今回はある勉強会の先生にお借りしました。

先生は以前空海が若い頃に修行したという室戸岬にいらしたことがあるそうです。
その洞窟に入って外を見ると、まさしく空と海の青だけが目に入ってきた、とのこと。

そのお話を伺って、なぜかとても空海に興味を持ちました。
去年空海の自筆の書を目にする機会があったことも一因かもしれません。

司馬遼太郎の最高傑作とも言われる本作、上下二巻で最初の方はちょっと読みにくく、
結局読み終わるまでかなり時間がかかってしまいました。
それでも退屈というわけではなく、むしろ最初からかなり面白いのですが、
内容が少し難しい部分もあって読む速度は最後までそれほどUPしませんでした。

二箇所とても印象的な部分がありました。

ひとつは弘法大使はまだ高野山の奥の院で生きていらっしゃる、とされているということ。
入滅したとは言わず、入定したとされているらしいです。

もうひとつは空海の遣唐使としての留学時代の描写。
長安はそのころ世界第一級の都市であり、文化も最先端を行っていました。
そこで空海はその才能を存分に発揮します。
書の巧みさ、漢文の上手さ、知識の広さ。
長安の文人たちともかなり交流があったとされています。
空海は生涯に渡ってこの2年の留学時代を懐かしく思っていたに違いない、と司馬遼太郎は強調しています。

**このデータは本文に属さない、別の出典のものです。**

lemma contractible_glue_charts:
  fixes U :: "'a::metric_space set" and P :: "'a \<Rightarrow> 'a \<Rightarrow> 'b::ab_group_add"
  assumes "contractible U"
    and T: "\<And>x. x \<in> U \<Longrightarrow> open (T x) \<and> x \<in> T x"
    and compat: "charts_differ_by_constants U T P"
  obtains g where "\<And>w0. w0 \<in> U \<Longrightarrow> \<exists>x\<in>U. \<exists>e>0. \<exists>c. \<forall>w\<in>U \<inter> ball w0 e. w \<in> T x \<and> g w = P x w + c"
proof -
  obtain h a where h: "continuous_on ({0..1::real} \<times> U) h" "h ` ({0..1} \<times> U) \<subseteq> U"
    and h0: "\<forall>w\<in>U. h (0, w) = w" and h1: "\<forall>w\<in>U. h (1, w) = a"
    using \<open>contractible U\<close> by (auto simp: contractible_def homotopic_with image_subset_iff_funcset)
  define lifts where "lifts w \<phi> \<longleftrightarrow> chart_lift U T P (\<lambda>s. h (s, w)) \<phi> \<and> \<phi> 1 = 0" for w \<phi>
  txt \<open>\<open>g w\<close> is the value at time \<open>0\<close>, i.e. at \<open>w\<close>, of the continuation along the contraction
    path \<open>s \<mapsto> h (s, w)\<close> that vanishes at the common end point \<open>a\<close>; continuations are unique.\<close>
  define g where "g w = (SOME \<phi>. lifts w \<phi>) 0" for w
  have g: "g w = \<phi> 0" if "lifts w \<phi>" for w \<phi>
  proof -
    have "lifts w (SOME \<phi>. lifts w \<phi>)"
      using that by (rule someI[where P = "lifts w"])
    then show ?thesis
      using chart_lift_unique[OF compat] that unfolding g_def lifts_def by fastforce
  qed
  show thesis
  proof (rule that)
    fix w0 assume w0: "w0 \<in> U"
    obtain \<epsilon> where \<epsilon>: "\<epsilon> > 0"
      and cover: "\<And>t. t \<in> {0..1} \<Longrightarrow> \<exists>x\<in>U. \<forall>s\<in>{0..1}. \<forall>w\<in>U \<inter> ball w0 \<epsilon>. \<bar>s - t\<bar> < \<epsilon> \<longrightarrow> h (s, w) \<in> U \<inter> T x"
      using homotopy_uniform_chart_cover[OF h T w0] by blast
    have end_a: "h (1, w) = a" if "w \<in> U \<inter> ball w0 \<epsilon>" for w
      using h1 that by blast
    obtain x c where "x \<in> U"
      and x: "\<forall>w\<in>U \<inter> ball w0 \<epsilon>. \<exists>\<phi>. chart_lift U T P (\<lambda>s. h (s, w)) \<phi> \<and> \<phi> 1 = 0 \<and>
                h (0, w) \<in> T x \<and> \<phi> 0 = P x (h (0, w)) + c"
      using uniform_chart_lifts[OF compat \<epsilon> cover end_a] by blast
    have "w \<in> T x \<and> g w = P x w + c" if w: "w \<in> U \<inter> ball w0 \<epsilon>" for w
    proof -
      obtain \<phi> where "lifts w \<phi>" "h (0, w) \<in> T x" "\<phi> 0 = P x (h (0, w)) + c"
        using x w unfolding lifts_def by blast
      moreover have "h (0, w) = w"
        using h0 w by blast
      ultimately show ?thesis
        using g by simp
    qed
    with \<open>x \<in> U\<close> \<epsilon> show "\<exists>x\<in>U. \<exists>e>0. \<exists>c. \<forall>w\<in>U \<inter> ball w0 e. w \<in> T x \<and> g w = P x w + c"
      by blast
  qed
qed

section \<open>Block projections\<close>

lemma proj_block_nth [simp]: "proj_block B z $ i = (if i \<in> B then z $ i else 0)"
  by (simp add: proj_block_def)

lemma linear_proj_block: "linear (proj_block B)"
  by (rule linearI) (auto simp: vec_eq_iff)

lemma bounded_linear_proj_block: "bounded_linear (proj_block B)"
  using linear_proj_block linear_conv_bounded_linear by blast

lemma proj_block_idem [simp]: "proj_block B (proj_block B z) = proj_block B z"
  by (simp add: vec_eq_iff)

lemma proj_block_diff: "proj_block B (z - y) = proj_block B z - proj_block B y"
  by (rule linear_diff[OF linear_proj_block])

lemma proj_block_add: "proj_block B (z + y) = proj_block B z + proj_block B y"
  by (rule linear_add[OF linear_proj_block])

lemma proj_block_eq_iff: "proj_block B c = proj_block B a \<longleftrightarrow> (\<forall>i\<in>B. c $ i = a $ i)"
  by (auto simp: vec_eq_iff)

lemma range_proj_block_iff: "w \<in> range (proj_block B) \<longleftrightarrow> proj_block B w = w"
  by (metis proj_block_idem rangeE rangeI)

lemma dist_proj_block_le: "dist (proj_block B z) (proj_block B y) \<le> dist z y"
proof -
  have "norm (proj_block B (z - y)) \<le> norm (z - y)"
    unfolding norm_vec_def by (rule L2_set_mono) auto
  then show ?thesis
    by (simp add: dist_norm proj_block_diff)
qed

lemma sum_proj_block_partition:
  assumes "is_slot_partition K B"
  shows "(\<Sum>k<K. proj_block (B k) z) = z"
proof -
  have "(\<Sum>k<K. proj_block (B k) z) $ i = z $ i" for i
  proof -
    obtain k0 where k0: "k0 < K" "i \<in> B k0"
      using assms unfolding is_slot_partition_def by blast
    have "\<forall>k<K. i \<in> B k \<longleftrightarrow> k = k0"
      using assms k0 unfolding is_slot_partition_def by blast
    then have "(\<Sum>k<K. proj_block (B k) z $ i) = (\<Sum>k<K. if k = k0 then z $ i else 0)"
      by (intro sum.cong) auto
    then show ?thesis
      using k0 by simp
  qed
  then show ?thesis
    by (simp add: vec_eq_iff)
qed

lemma linear_axis_expansion:
  fixes L :: "(real^'n::finite) \<Rightarrow> 'b::real_vector"
  assumes "linear L"
  shows "L x = (\<Sum>i\<in>UNIV. x $ i *\<^sub>R L (axis i 1))"
proof -
  have "L x = L (\<Sum>i\<in>UNIV. x $ i *\<^sub>R axis i 1)"
    using basis_expansion[of x] by (simp add: scalar_mult_eq_scaleR)
  then show ?thesis
    using assms by (simp add: linear_sum linear_scale o_def)
qed

lemma blinfun_vanishes_across_block:
  fixes Q :: "(real^'n::finite) \<Rightarrow> ((real^'n) \<Rightarrow>\<^sub>L 'b::real_normed_vector)"
  assumes "linear Q"
    and across: "\<And>i j. j \<notin> B \<Longrightarrow> i \<in> B \<Longrightarrow> Q (axis j 1) (axis i 1) = 0"
    and u: "proj_block B u = 0" and v: "proj_block B v = v"
  shows "Q u v = 0"
proof -
  have lin_right: "linear (\<lambda>v. Q w v)" for w
    by (intro bounded_linear.linear blinfun.bounded_linear_right)
  have lin_left: "linear (\<lambda>u. Q u v)"
    using linear_compose[OF assms(1) bounded_linear.linear[OF blinfun.bounded_linear_left]] by (simp add: o_def)
  have v_off: "v $ i = 0" if "i \<notin> B" for i
    using arg_cong[OF v, of "\<lambda>x. x $ i"] that by simp
  have u_on: "u $ j = 0" if "j \<in> B" for j
    using arg_cong[OF u, of "\<lambda>x. x $ j"] that by simp
  have Q_axis_v: "Q (axis j 1) v = 0" if "j \<notin> B" for j
  proof -
    have "Q (axis j 1) v = (\<Sum>i\<in>UNIV. v $ i *\<^sub>R Q (axis j 1) (axis i 1))"
      by (rule linear_axis_expansion[OF lin_right])
    also have "\<dots> = 0"
      using v_off across[OF that] by (intro sum.neutral) auto
    finally show ?thesis .
  qed
  have "Q u v = (\<Sum>j\<in>UNIV. u $ j *\<^sub>R Q (axis j 1) v)"
    by (rule linear_axis_expansion[OF lin_left])
  also have "\<dots> = 0"
    using u_on Q_axis_v by (intro sum.neutral) auto
  finally show ?thesis .
qed

lemma translate_into_ball:
  fixes x w :: "'a::real_normed_vector"
  assumes "ball z r \<subseteq> \<Omega>" "w \<in> ball x r"
  shows "w + (z - x) \<in> \<Omega>"
proof -
  have "dist z (w + (z - x)) = dist x w"
    by (simp add: dist_norm algebra_simps)
  then show ?thesis
    using assms by auto
qed

lemma shifted_block_has_derivative:
  assumes "(f has_derivative f') (at (proj_block B w + c))"
  shows "((\<lambda>w. f (proj_block B w + c)) has_derivative (\<lambda>h. f' (proj_block B h))) (at w)"
proof -
  have "((\<lambda>w. proj_block B w + c) has_derivative (\<lambda>h. proj_block B h + 0)) (at w)"
    by (intro has_derivative_add has_derivative_const bounded_linear_imp_has_derivative bounded_linear_proj_block)
  from has_derivative_compose[OF this assms] show ?thesis
    by simp
qed

section \<open>Block primitives and the additive decomposition\<close>

text \<open>Composing with the affine retraction onto the slice turns a derivative that only
  vanishes along the slice into one that vanishes identically.\<close>
lemma block_derivative_constant_on_slice:
  fixes f' :: "(real^'n::finite) \<Rightarrow> ((real^'n) \<Rightarrow>\<^sub>L 'b::real_normed_vector)"
  assumes S: "convex S" "S \<subseteq> \<Omega>" "\<And>u. u \<in> S \<Longrightarrow> proj_block B u = p"
    and d2: "\<And>z. z \<in> \<Omega> \<Longrightarrow> (f' has_derivative f'' z) (at z)"
    and cross: "\<And>z u. z \<in> \<Omega> \<Longrightarrow> proj_block B u = 0 \<Longrightarrow> f'' z u v = 0"
  shows "\<exists>C. \<forall>u\<in>S. f' u v = C"
proof -
  define \<iota> where "\<iota> u = u + p - proj_block B u" for u
  have \<iota>S: "\<iota> u = u" if "u \<in> S" for u
    using S(3)[OF that] by (simp add: \<iota>_def)
  have "\<exists>C. \<forall>u\<in>S. f' (\<iota> u) v = C"
  proof (rule has_derivative_zero_constant[OF S(1)])
    fix u assume u: "u \<in> S"
    then have u\<Omega>: "\<iota> u \<in> \<Omega>"
      using S(2) \<iota>S by auto
    have "(\<iota> has_derivative (\<lambda>h. h + 0 - proj_block B h)) (at u)"
      unfolding \<iota>_def[abs_def]
      by (intro has_derivative_diff has_derivative_add has_derivative_ident has_derivative_const
          bounded_linear_imp_has_derivative bounded_linear_proj_block)
    moreover have "(f' has_derivative f'' (\<iota> u)) (at (\<iota> u))"
      using d2 u\<Omega> by blast
    ultimately have "((\<lambda>u. f' (\<iota> u) v) has_derivative (\<lambda>h. f'' (\<iota> u) (h - proj_block B h) v)) (at u)"
      using bounded_linear.has_derivative[OF blinfun.bounded_linear_left has_derivative_compose] by simp
    moreover have "f'' (\<iota> u) (h - proj_block B h) v = 0" for h
      using cross[OF u\<Omega>] by (simp add: proj_block_diff)
    ultimately show "((\<lambda>u. f' (\<iota> u) v) has_derivative (\<lambda>h. 0)) (at u within S)"
      by (simp add: has_derivative_at_withinI)
  qed
  then show ?thesis
    using \<iota>S by auto
qed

この空海の留学時代については、チェン・カイコー監督が製作中の映画『空海ーKU-KAIー』が来年公開されます。
原作は夢枕獏の『沙門空海唐の国にて鬼と宴す』、主演は染谷将太。
こちらもとても楽しみです。

最後に、この本は当然のことながら最澄と空海の関係性にも重きを置いています。
この二人の偉人、どちらにより惹かれるかと言えば、私はやはり空海でしょうか・・・。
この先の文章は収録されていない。